人口減少化対策、少子化対策、過疎や限界集落の問題、若者が少なくなってきたことによる、特に都会から遠くにある自治体はどこも大変な状態で、その対応策がトレンドになってきました。問題の本質から考えて、今回のテーマは長期戦になるのは間違いないでしょうし、一過性のブームで終わらせてはならないものだと考えられます。しかも、元々こうなることがわかっていたのにもかかわらず、ようやく世論に火がついたという、出遅れ感は相当あると思います。

とはいっても、やはり無視はできないですし、諦めてはそれで終わりですから、社会が良くなるためにも、今からでもできることはしっかり考えて手を打っておいた方が良いと思いますし、過去の反省に立ち返って長期的目線で手を打ち始めていくことだと感じます。

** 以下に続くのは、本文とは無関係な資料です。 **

lemma gbary_position:
  assumes P: "P = gbary s A1 A2 A3 m1 m2 m3" "P \<in> gdisc s"
    and W: "m1 * egamma s A1 + m2 * egamma s A2 + m3 * egamma s A3 \<noteq> 0"
    and D: "D = m1 * m2 * (\<gamma>12 - 1) + m1 * m3 * (\<gamma>13 - 1) + m2 * m3 * (\<gamma>23 - 1)"
  shows "(D < 0 \<longleftrightarrow> gyrodist s Oc P > R) \<and> (D = 0 \<longleftrightarrow> gyrodist s Oc P = R)
    \<and> (D > 0 \<longleftrightarrow> gyrodist s Oc P < R)"
proof -
  have "sgn (gyrodist s Oc P - R) = - sgn D"
    using gyrodist_sgn[OF P(2)] conic_form_gbary_sgn[OF W] by (simp add: P(1) D)
  then show ?thesis by (auto simp: sgn_if split: if_splits)
qed

lemma tangency_points_gbary:
  assumes P: "P = gbary s A1 A2 A3 m1 m2 m3"
    and W: "m1 * egamma s A1 + m2 * egamma s A2 + m3 * egamma s A3 \<noteq> 0"
    and D: "D = m1 * m2 * (\<gamma>12 - 1) + m1 * m3 * (\<gamma>13 - 1) + m2 * m3 * (\<gamma>23 - 1)"
  shows "((\<exists>T1 T2. T1 \<noteq> T2 \<and> tangency_point s (gcircle s Oc R) P T1 \<and> tangency_point s (gcircle s Oc R) P T2)
           \<longleftrightarrow> D < 0)
    \<and> ({T. tangency_point s (gcircle s Oc R) P T} = {P} \<longleftrightarrow> D = 0)
    \<and> ({T. tangency_point s (gcircle s Oc R) P T} = {} \<longleftrightarrow> D > 0)"
proof -
  have sgn: "sgn (ellipse.B 1 P 1 P) = - sgn D" using conic_form_gbary_sgn[OF W] by (simp add: P D)
  have two: "\<exists>T1 T2. T1 \<noteq> T2 \<and> tangency_point s ellipse.curve P T1 \<and> tangency_point s ellipse.curve P T2"
    if "0 < ellipse.B 1 P 1 P"
    using ellipse.two_tangency_points[OF that centre_inside] .
  let ?tp = "tangency_point s ellipse.curve P"
  consider "0 < ellipse.B 1 P 1 P" | "ellipse.B 1 P 1 P = 0" | "ellipse.B 1 P 1 P < 0" by linarith
  then have "((\<exists>T1 T2. T1 \<noteq> T2 \<and> ?tp T1 \<and> ?tp T2) \<longleftrightarrow> D < 0)
    \<and> ({T. ?tp T} = {P} \<longleftrightarrow> D = 0) \<and> ({T. ?tp T} = {} \<longleftrightarrow> D > 0)"
  proof cases
    case 1
    then have "D < 0" using sgn by (auto simp: sgn_if split: if_splits)
    moreover obtain T1 T2 where "T1 \<noteq> T2" "?tp T1" "?tp T2" using two[OF 1] by blast
    moreover have "\<not> ?tp P" using 1 by (simp add: ellipse.tangency_point_iff)
    then have "{T. ?tp T} \<noteq> {P}" by auto
    ultimately show ?thesis by auto
  next
    case 2
    then have "{T. ?tp T} = {P}" by (rule ellipse.tangency_points_singleton)
    moreover from this have "\<not> (\<exists>T1 T2. T1 \<noteq> T2 \<and> ?tp T1 \<and> ?tp T2)" by (metis mem_Collect_eq singletonD)
    ultimately show ?thesis using sgn 2 by (auto simp: sgn_if split: if_splits)
  next
    case 3
    then show ?thesis using sgn ellipse.tangency_points_empty[OF 3] by (auto simp: sgn_if split: if_splits)
  qed
  then show ?thesis by (simp only: gcircle_eq_curve)
qed

lemma tangency_point_gbary_iff:
  assumes Wn: "n1 * egamma s A1 + n2 * egamma s A2 + n3 * egamma s A3 \<noteq> 0"
    and Wm: "m1 * egamma s A1 + m2 * egamma s A2 + m3 * egamma s A3 \<noteq> 0"
  shows "tangency_point s (gcircle s Oc R) (gbary s A1 A2 A3 m1 m2 m3) (gbary s A1 A2 A3 n1 n2 n3)
    \<longleftrightarrow> n1 * n2 * (\<gamma>12 - 1) + n1 * n3 * (\<gamma>13 - 1) + n2 * n3 * (\<gamma>23 - 1) = 0
      \<and> (n1 * m2 + n2 * m1) * (\<gamma>12 - 1) + (n1 * m3 + n3 * m1) * (\<gamma>13 - 1) + (n2 * m3 + n3 * m2) * (\<gamma>23 - 1) = 0"
  unfolding gcircle_eq_curve ellipse.tangency_point_iff conic_form_gbary[OF Wn Wn] polar_form_self
    conic_form_gbary[OF Wn Wm]
  using Wn Wm mu_pos by (simp del: distrib_left_numeral)

lemma gbary_eq_imp_proportional:
  assumes Wa: "a1 * egamma s A1 + a2 * egamma s A2 + a3 * egamma s A3 \<noteq> 0"
    and Wb: "b1 * egamma s A1 + b2 * egamma s A2 + b3 * egamma s A3 \<noteq> 0"
    and eq: "gbary s A1 A2 A3 a1 a2 a3 = gbary s A1 A2 A3 b1 b2 b3"
  shows "\<exists>l. b1 = l * a1 \<and> b2 = l * a2 \<and> b3 = l * a3"
proof -
  define c1 c2 c3 where "c1 = egamma s A1" and "c2 = egamma s A2" and "c3 = egamma s A3"
  define A B where "A = a1 * c1 + a2 * c2 + a3 * c3" and "B = b1 * c1 + b2 * c2 + b3 * c3"
  have c: "0 < c1" "0 < c2" "0 < c3" using egamma_pos[OF s_pos] norms by (simp_all add: c1_def c2_def c3_def)
  have AB: "A \<noteq> 0" "B \<noteq> 0" using Wa Wb by (simp_all add: A_def B_def c1_def c2_def c3_def)
  define w1 w2 w3 where "w1 = a1 * c1 / A - b1 * c1 / B" and "w2 = a2 * c2 / A - b2 * c2 / B"
    and "w3 = a3 * c3 / A - b3 * c3 / B"
  have "w1 + w2 + w3 = (a1 * c1 + a2 * c2 + a3 * c3) / A - (b1 * c1 + b2 * c2 + b3 * c3) / B"
    by (simp add: w1_def w2_def w3_def add_divide_distrib diff_divide_distrib)
  then have sum: "w1 + w2 + w3 = 0" using AB by (simp add: A_def[symmetric] B_def[symmetric])
  have "gbary s A1 A2 A3 a1 a2 a3 = (a1 * c1 / A) *\<^sub>R A1 + (a2 * c2 / A) *\<^sub>R A2 + (a3 * c3 / A) *\<^sub>R A3"
    "gbary s A1 A2 A3 b1 b2 b3 = (b1 * c1 / B) *\<^sub>R A1 + (b2 * c2 / B) *\<^sub>R A2 + (b3 * c3 / B) *\<^sub>R A3"
    by (simp_all add: gbary_def A_def B_def c1_def c2_def c3_def scaleR_add_right)
  then have "w1 *\<^sub>R A1 + w2 *\<^sub>R A2 + w3 *\<^sub>R A3 = gbary s A1 A2 A3 a1 a2 a3 - gbary s A1 A2 A3 b1 b2 b3"
    by (simp add: w1_def w2_def w3_def scaleR_diff_left algebra_simps)
  then have "w1 *\<^sub>R A1 + w2 *\<^sub>R A2 + w3 *\<^sub>R A3 = 0" using eq by simp
  then have "w1 = 0" "w2 = 0" "w3 = 0" using affine_independent[OF sum] by simp_all
  then have "b1 = (B / A) * a1" "b2 = (B / A) * a2" "b3 = (B / A) * a3"
    using AB c by (simp_all add: w1_def w2_def w3_def field_simps)
  then show ?thesis by blast
qed

end

section \<open>The weights of the tangency points\<close>

lemma tangent_weights_identities:
  fixes x y z m1 m2 m3 \<rho> F0 F1 F2 n1 n2 n3 :: real
  assumes F: "F0 = m1 * x + m3 * z" "F1 = m1 * x * y + \<rho>" "F2 = - m3 * y * z + \<rho>"
    and n: "n1 = F0 * F1 * z" "n2 = F1 * F2" "n3 = - F0 * F2 * x"
    and \<rho>: "\<rho>\<^sup>2 = - (m1 * m2 * x + m1 * m3 * y + m2 * m3 * z) * (x * y * z)"
  shows "n1 * n2 * x + n1 * n3 * y + n2 * n3 * z = 0"
    and "(n1 * m2 + n2 * m1) * x + (n1 * m3 + n3 * m1) * y + (n2 * m3 + n3 * m2) * z = 0"
    and "n1 + n2 + n3 = x * y * z * ((m1 - m2 + m3) * (m1 * x + m3 * z) - 2 * m1 * m3 * y)
           + \<rho> * (- m1 * x\<^sup>2 + m3 * z\<^sup>2 + m1 * x * y - m3 * y * z + (m1 - m3) * x * z)"
proof -
  have "F1 - F2 = y * F0" using F by (simp add: algebra_simps)
  moreover have "n1 * n2 * x + n1 * n3 * y + n2 * n3 * z = F0 * F1 * F2 * x * z * (F1 - F2 - y * F0)"
    unfolding n by (simp add: algebra_simps)
  ultimately show "n1 * n2 * x + n1 * n3 * y + n2 * n3 * z = 0" by simp
  show "(n1 * m2 + n2 * m1) * x + (n1 * m3 + n3 * m1) * y + (n2 * m3 + n3 * m2) * z = 0"
    using \<rho> unfolding n F by algebra
  show "n1 + n2 + n3 = x * y * z * ((m1 - m2 + m3) * (m1 * x + m3 * z) - 2 * m1 * m3 * y)
           + \<rho> * (- m1 * x\<^sup>2 + m3 * z\<^sup>2 + m1 * x * y - m3 * y * z + (m1 - m3) * x * z)"
    using \<rho> unfolding n F by algebra
qed

lemma tangent_weights_proportional:
  fixes x y z m1 m2 m3 r F0 :: real and F1 F2 n1 n2 n3 :: "real \<Rightarrow> real"
  assumes pos: "0 < x" "0 < y" "0 < z" "r \<noteq> 0"
    and r: "r\<^sup>2 = - (m1 * m2 * x + m1 * m3 * y + m2 * m3 * z) * (x * y * z)"
    and F: "F0 = m1 * x + m3 * z" "\<And>\<sigma>. F1 \<sigma> = m1 * x * y + \<sigma> * r" "\<And>\<sigma>. F2 \<sigma> = - m3 * y * z + \<sigma> * r"
    and n: "\<And>\<sigma>. n1 \<sigma> = F0 * F1 \<sigma> * z" "\<And>\<sigma>. n2 \<sigma> = F1 \<sigma> * F2 \<sigma>" "\<And>\<sigma>. n3 \<sigma> = - F0 * F2 \<sigma> * x"
    and minor: "n1 1 * n3 (- 1) = n1 (- 1) * n3 1"
  shows "\<exists>\<sigma>\<in>{1, - 1}. n1 \<sigma> = 0 \<and> n2 \<sigma> = 0 \<and> n3 \<sigma> = 0"
proof -
  have "n1 1 * n3 (- 1) - n1 (- 1) * n3 1 = 2 * F0 ^ 3 * x * y * z * r"
    unfolding n F by (simp add: algebra_simps power3_eq_cube)
  then have "2 * F0 ^ 3 * x * y * z * r = 0" using minor by simp
  then have "F0 = 0" using pos by simp
  have "r\<^sup>2 = - (m2 * F0 + m1 * m3 * y) * (x * y * z)" using r F by (simp add: algebra_simps)
  also have "\<dots> = - (m1 * y) * (m3 * z) * (x * y)" using \<open>F0 = 0\<close> by (simp add: algebra_simps)
  also have "m3 * z = - (m1 * x)" using F \<open>F0 = 0\<close> by simp
  finally have "r\<^sup>2 = (m1 * x * y)\<^sup>2" by (simp add: power2_eq_square algebra_simps)
  then have "F1 1 = 0 \<or> F1 (- 1) = 0" by (auto simp: F power2_eq_iff)
  then show ?thesis using \<open>F0 = 0\<close> by (auto simp: n)
qed

lemma gbary_mass_of_tangent_weights:
  fixes g12 g13 g23 m1 m2 m3 D1 D2 F0 E1 E2 \<sigma> :: real and F1 F2 m1' m2' m3' :: "real \<Rightarrow> real"
  assumes D1: "D1 = m1 * m2 * (g12 - 1) + m1 * m3 * (g13 - 1) + m2 * m3 * (g23 - 1)"
    and D2: "D2 = (g12 - 1) * (g13 - 1) * (g23 - 1)"
    and F0: "F0 = m1 * (g12 - 1) + m3 * (g23 - 1)"
    and F1: "F1 = (\<lambda>\<sigma>. m1 * (g12 - 1) * (g13 - 1) + \<sigma> * sqrt (- D1 * D2))"
    and F2: "F2 = (\<lambda>\<sigma>. - m3 * (g13 - 1) * (g23 - 1) + \<sigma> * sqrt (- D1 * D2))"
    and m1': "m1' = (\<lambda>\<sigma>. F0 * F1 \<sigma> * (g23 - 1))" and m2': "m2' = (\<lambda>\<sigma>. F1 \<sigma> * F2 \<sigma>)"
    and m3': "m3' = (\<lambda>\<sigma>. - F0 * F2 \<sigma> * (g12 - 1))"
    and E1: "E1 = (m1 - m2 + m3) * (m1 * (g12 - 1) + m3 * (g23 - 1)) - 2 * m1 * m3 * (g13 - 1)"
    and E2: "E2 = - m1 * (g12 - 1)\<^sup>2 + m3 * (g23 - 1)\<^sup>2 + m1 * (g12 - 1) * (g13 - 1)
                 - m3 * (g13 - 1) * (g23 - 1) + (m1 - m3) * (g12 - 1) * (g23 - 1)"
    and sign: "D1 \<le> 0" "0 \<le> D2" "\<sigma> \<in> {1, - 1}"
  shows "(m1' \<sigma>)\<^sup>2 + (m2' \<sigma>)\<^sup>2 + (m3' \<sigma>)\<^sup>2
      + 2 * (m1' \<sigma> * m2' \<sigma> * g12 + m1' \<sigma> * m3' \<sigma> * g13 + m2' \<sigma> * m3' \<sigma> * g23)
    = (D2 * E1 + \<sigma> * sqrt (- D1 * D2) * E2)\<^sup>2"
proof -
  define \<rho> where "\<rho> = \<sigma> * sqrt (- D1 * D2)"
  have "\<rho>\<^sup>2 = - D1 * D2" using sign by (auto simp: \<rho>_def power_mult_distrib mult_nonpos_nonneg)
  then have \<rho>: "\<rho>\<^sup>2 = - (m1 * m2 * (g12 - 1) + m1 * m3 * (g13 - 1) + m2 * m3 * (g23 - 1))
      * ((g12 - 1) * (g13 - 1) * (g23 - 1))"
    by (simp add: D1 D2)
  have F: "F0 = m1 * (g12 - 1) + m3 * (g23 - 1)" "F1 \<sigma> = m1 * (g12 - 1) * (g13 - 1) + \<rho>"
    "F2 \<sigma> = - m3 * (g13 - 1) * (g23 - 1) + \<rho>"
    by (simp_all add: F0 F1 F2 \<rho>_def)
  have n: "m1' \<sigma> = F0 * F1 \<sigma> * (g23 - 1)" "m2' \<sigma> = F1 \<sigma> * F2 \<sigma>" "m3' \<sigma> = - F0 * F2 \<sigma> * (g12 - 1)"
    by (simp_all add: m1' m2' m3')
  note w = tangent_weights_identities[OF F n \<rho>]
  have "m1' \<sigma> + m2' \<sigma> + m3' \<sigma> = D2 * E1 + \<rho> * E2"
    unfolding w(3) D2 E1 E2 by (simp add: algebra_simps)
  moreover have "(m1' \<sigma>)\<^sup>2 + (m2' \<sigma>)\<^sup>2 + (m3' \<sigma>)\<^sup>2
      + 2 * (m1' \<sigma> * m2' \<sigma> * g12 + m1' \<sigma> * m3' \<sigma> * g13 + m2' \<sigma> * m3' \<sigma> * g23)
    = (m1' \<sigma> + m2' \<sigma> + m3' \<sigma>)\<^sup>2
      + 2 * (m1' \<sigma> * m2' \<sigma> * (g12 - 1) + m1' \<sigma> * m3' \<sigma> * (g13 - 1) + m2' \<sigma> * m3' \<sigma> * (g23 - 1))"
    by (simp add: power2_eq_square algebra_simps)
  ultimately show ?thesis using w(1) by (simp add: \<rho>_def)
qed

lemma (in circumgyrocircle) tangent_weights_tangency_point:
  assumes P: "P = gbary s A1 A2 A3 m1 m2 m3"
    and W: "m1 * egamma s A1 + m2 * egamma s A2 + m3 * egamma s A3 \<noteq> 0"
    and Wn: "n1 * egamma s A1 + n2 * egamma s A2 + n3 * egamma s A3 \<noteq> 0"
    and F: "F = m1 * (\<gamma>12 - 1) + m3 * (\<gamma>23 - 1)" "G = m1 * (\<gamma>12 - 1) * (\<gamma>13 - 1) + \<rho>"
      "H = - m3 * (\<gamma>13 - 1) * (\<gamma>23 - 1) + \<rho>"
    and n: "n1 = F * G * (\<gamma>23 - 1)" "n2 = G * H" "n3 = - F * H * (\<gamma>12 - 1)"
    and \<rho>: "\<rho>\<^sup>2 = - (m1 * m2 * (\<gamma>12 - 1) + m1 * m3 * (\<gamma>13 - 1) + m2 * m3 * (\<gamma>23 - 1))
      * ((\<gamma>12 - 1) * (\<gamma>13 - 1) * (\<gamma>23 - 1))"
  shows "tangency_point s (gcircle s Oc R) P (gbary s A1 A2 A3 n1 n2 n3)"
  unfolding P tangency_point_gbary_iff[OF Wn W] using tangent_weights_identities[OF F n \<rho>] by simp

特効薬はほとんどないでしょうし、地道な活動を精査しながら有効策を打っていくという手堅さは大事なのかもしれません。

北海道のみならず全国の各自治体の人口ピラミッドを見てみますと、18歳以上から22歳ぐらいまでの人口は極端に少ない状態になっています。これは高等教育機関がその地域にないことから自然と若者たちは都会を目指します。そして学生たちの住民票の移転率は確認していないのでなんとも言えませんが、相当数が地元に籍を残しながら札幌等に滞在しているケースが多いので、実数ベースでいくと発表されている統計よりも地域に若者たちがいないと言えると考えられます。よって首都圏や札幌圏にはもっと含み増の若者世代が住んでいると考えられます。

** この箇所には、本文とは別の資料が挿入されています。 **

lemma cross_polytope_hyperplane_iff:
  fixes a x :: "real^'n::finite" and \<sigma> :: "'m::finite \<Rightarrow> 'n"
  assumes x: "a \<bullet> x = t" and t: "0 < t" "t < a $ k" and small: "\<And>j. j \<noteq> k \<Longrightarrow> \<bar>a $ j\<bar> \<le> t"
    and inj: "inj \<sigma>" and \<sigma>: "range \<sigma> = -{k}"
  shows "x \<in> cross_polytope \<longleftrightarrow> (\<chi> i. x $ \<sigma> i) \<in> skew_cross (a $ k) (\<lambda>i. a $ \<sigma> i) (a $ k - t)"
proof -
  have "a $ k * x $ k + (\<Sum>i\<in>UNIV. a $ \<sigma> i * x $ \<sigma> i) = t"
    using x by (simp add: inner_vec_def sum_UNIV_split_reindex[OF inj \<sigma>])
  moreover have "\<bar>a $ \<sigma> i\<bar> \<le> t" for i using small \<sigma> by force
  ultimately have "\<bar>x $ k\<bar> + (\<Sum>i\<in>UNIV. \<bar>x $ \<sigma> i\<bar>) \<le> 1
      \<longleftrightarrow> (\<Sum>i\<in>UNIV. a $ k * \<bar>x $ \<sigma> i\<bar> - a $ \<sigma> i * x $ \<sigma> i) \<le> a $ k - t"
    using t by (intro l1_hyperplane_section_iff) auto
  then show ?thesis
    by (simp add: cross_polytope_def skew_cross_def sum_UNIV_split_reindex[OF inj \<sigma>])
qed

lemma measure_cross_polytope_section:
  fixes a :: "real^'n::finite" and U :: "real^'m::finite \<Rightarrow> real^'n" and \<sigma> :: "'m \<Rightarrow> 'n"
  assumes lin: "linear U" and norm: "\<And>y. norm (U y) = norm y" and range: "range U = {x. a \<bullet> x = 0}"
    and a: "norm a = 1" and t: "0 < t" "t < a $ k" and small: "\<And>j. j \<noteq> k \<Longrightarrow> \<bar>a $ j\<bar> \<le> t"
    and inj: "inj \<sigma>" and \<sigma>: "range \<sigma> = -{k}"
  shows "measure lebesgue {y. t *\<^sub>R a + U y \<in> cross_polytope}
       = measure lebesgue (skew_cross (a $ k) (\<lambda>i. a $ \<sigma> i) (a $ k - t)) / a $ k"
proof -
  define c where "c = a $ k"
  define b where "b = (\<lambda>i. a $ \<sigma> i)"
  define S where "S = {y. t *\<^sub>R a + U y \<in> cross_polytope}"
  define P where "P = (\<lambda>y. \<chi> i. U y $ \<sigma> i)"
  define tb :: "real^'m" where "tb = (\<chi> i. t * b i)"
  have c: "c > 0" using t by (simp add: c_def)
  obtain q where U_k: "\<And>y. U y $ k = q \<bullet> y" and qq: "q \<bullet> q = 1 - c\<^sup>2"
    using hyperplane_isometry_component[OF lin norm range a] c_def by blast
  have q: "q \<bullet> q < 1" using qq c by simp
  have lin_P: "linear P" using lin by (auto simp: P_def linear_iff vec_eq_iff)
  have norm_P: "(norm (P y))\<^sup>2 = (norm y)\<^sup>2 - (q \<bullet> y)\<^sup>2" for y
    using norm[of y] U_k[of y] sum_UNIV_split_reindex[OF inj \<sigma>, of "\<lambda>j. (U y $ j)\<^sup>2"]
      norm_power2_cart[of "P y"] norm_power2_cart[of "U y"]
    by (simp add: P_def)
  have section_iff: "t *\<^sub>R a + U y \<in> cross_polytope \<longleftrightarrow> tb + P y \<in> skew_cross c b (c - t)" for y
  proof -
    have "a \<bullet> U y = 0" using range by auto
    then have "a \<bullet> (t *\<^sub>R a + U y) = t" using a by (simp add: inner_add_right dot_square_norm)
    moreover have "(\<chi> i. (t *\<^sub>R a + U y) $ \<sigma> i) = tb + P y"
      by (simp add: tb_def P_def b_def vec_eq_iff)
    ultimately show ?thesis
      using cross_polytope_hyperplane_iff[OF _ t small inj \<sigma>] by (simp add: c_def b_def)
  qed
  have "(+) tb ` P ` S = skew_cross c b (c - t)"
  proof (intro equalityI subsetI)
    fix v assume "v \<in> skew_cross c b (c - t)"
    moreover obtain y where "P y = v - tb" using surj_contraction[OF lin_P norm_P q] by (metis surjD)
    ultimately show "v \<in> (+) tb ` P ` S" using section_iff[of y] by (force simp: S_def)
  qed (auto simp: S_def section_iff)
  then have "measure lebesgue (skew_cross c b (c - t)) = measure lebesgue (P ` S)"
    by (metis measure_translation)
  also have "\<dots> = c * measure lebesgue S"
    using measure_contraction_image[OF lin_P norm_P q] lmeasurable_cross_polytope_preimage[OF lin norm] c qq
    by (simp add: S_def)
  finally show ?thesis using c by (simp add: S_def c_def b_def)
qed

lemma exists_bij_onto_compl_singleton:
  fixes k :: "'n::finite"
  assumes dim: "CARD('n) = CARD('m::finite) + 1"
  obtains \<sigma> :: "'m::finite \<Rightarrow> 'n" where "inj \<sigma>" "range \<sigma> = -{k}"
proof -
  have "card (-{k}) = CARD('m)" using dim by (simp add: Compl_eq_Diff_UNIV card_Diff_singleton)
  then obtain h where "bij_betw h (UNIV::'m set) (-{k})"
    using finite_same_card_bij[of "UNIV::'m set" "-{k}"] by auto
  then show thesis using that by (metis bij_betw_imp_inj_on bij_betw_imp_surj_on)
qed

彼らにとって故郷とはお墓参りや正月に帰るもので、就職先や将来住むべき土地ではないと考えているのが大半です。札幌やより魅力ある東京等への意識がいっているのが現状ですから、それは昔も今も変わりません。充実した学生生活を札幌圏や首都圏で過ごせば、それだけ心は離れていく可能性が増えていくものです。地元に仕事があれば帰りたいという若者がいることはいますが、それほど多くはないでしょうし、動機としては両親がいるからといったように内向的で消極的な意見で、地域に戻れたとしても、その地域を活性化させることができる活躍を望むには、やや苦しいかもしれません。もちろん時々熱い思いを持って変わり者のように地元に戻る人や田舎に移り住む人もいなくはありませんが、それは今必要とされるぐらいの人の動きが出ているわけではありません。

とはいっても、高等教育機関をその地域に誘致すべきかというとそういったことにはならないでしょう。もはや高等教育機関は減らすべきものになりはじめていますから、大学や専門学校を新たに誘致するのは大きなコストもかかるでしょうし、得策ではありません。

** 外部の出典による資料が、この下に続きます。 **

lemma sob_pairing_nonpos:
  fixes x :: "nat \<Rightarrow> real"
  assumes knots: "x 0 = 0" "x (Suc K) = 1" "\<forall>k\<le>K. x k \<le> x (Suc k)"
    and F: "V_cone m p K x F" and G: "V_cone m q K x (\<lambda>j t. - G j t)" and G0: "\<forall>j<m. G j 0 = 0"
  shows "sob_pairing m G F \<le> 0"
proof -
  have "\<forall>k\<in>{1..Suc K}. AE t in lebesgue. t \<in> {x (k - 1)..x k} \<longrightarrow>
      0 \<le> (-1)^(k - 1) * F m t \<and> 0 \<le> (-1)^(k - 1) * - G m t"
  proof
    fix k assume "k \<in> {1..Suc K}"
    then have "AE t in lebesgue. t \<in> {x (k - 1)..x k} \<longrightarrow> 0 \<le> (-1)^(k - 1) * F m t"
      "AE t in lebesgue. t \<in> {x (k - 1)..x k} \<longrightarrow> 0 \<le> (-1)^(k - 1) * - G m t"
      using F G unfolding V_cone_def by (auto simp: AE_restrict_space_iff)
    then show "AE t in lebesgue. t \<in> {x (k - 1)..x k} \<longrightarrow>
        0 \<le> (-1)^(k - 1) * F m t \<and> 0 \<le> (-1)^(k - 1) * - G m t"
      by eventually_elim blast
  qed
  then have "AE t in lebesgue. \<forall>k\<in>{1..Suc K}. t \<in> {x (k - 1)..x k} \<longrightarrow>
      0 \<le> (-1)^(k - 1) * F m t \<and> 0 \<le> (-1)^(k - 1) * - G m t"
    by (intro eventually_ball_finite) auto
  then have "AE t in lebesgue. t \<in> {0..1} \<longrightarrow> F m t * G m t \<le> 0"
  proof eventually_elim
    case (elim t)
    show ?case
    proof
      assume "t \<in> {0..1}"
      then obtain k where k: "k \<in> {1..Suc K}" "t \<in> {x (k - 1)..x k}"
        using knots_cover[OF knots(3,1,2)] by blast
      define s :: real where "s = (-1)^(k - 1)"
      have "0 \<le> s * F m t" "0 \<le> s * - G m t"
        using elim k unfolding s_def by auto
      then have "0 \<le> (s * F m t) * (s * - G m t)" by (rule mult_nonneg_nonneg)
      also have "s * s = 1" unfolding s_def by (simp flip: power_mult_distrib)
      then have "(s * F m t) * (s * - G m t) = - (F m t * G m t)" by (simp add: algebra_simps)
      finally show "F m t * G m t \<le> 0" by simp
    qed
  qed
  then have "AE t in lebesgue_on {0..1}. 0 \<le> - (F m t * G m t)"
    by (simp add: AE_restrict_space_iff)
  then have "0 \<le> integral\<^sup>L (lebesgue_on {0..1}) (\<lambda>t. - (F m t * G m t))"
    by (rule integral_nonneg_AE)
  then show ?thesis unfolding sob_pairing_def using G0 by simp
qed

各地の自治体では、この18歳以上から20歳代前半の学生たち世代との関わり方を検討すべきだと思います。彼らと接することで、UターンIターンJターンの可能性を作るのに経験の蓄積やきっかけが生まれる可能性があります。何よりその地域に若者がいませんので、霞が関や都道府県から各自治体に人口減少化対策の話が参り込んでも、対象となるべき人とのコミュニケーション経験が圧倒的に少ないため、対応の仕方が思いつかないわけです。関わりを持ち続ける仕組みを作ることからはじめないとなりません。

一般的に若者や外者がその地域に訪れる装置は、観光だと考えられます。観光することでその地域に触れるという機会がありますし、今は体験型観光が各地で出来始めていますので、もう少し深いコミュニケーション機会が生まれ、それは一つきっかけになると考えられるでしょう。そのほかには、部活やサークルなどの合宿スタイルで地方を訪れることです。これも多くの若者が地方に行くきっかけにはなります。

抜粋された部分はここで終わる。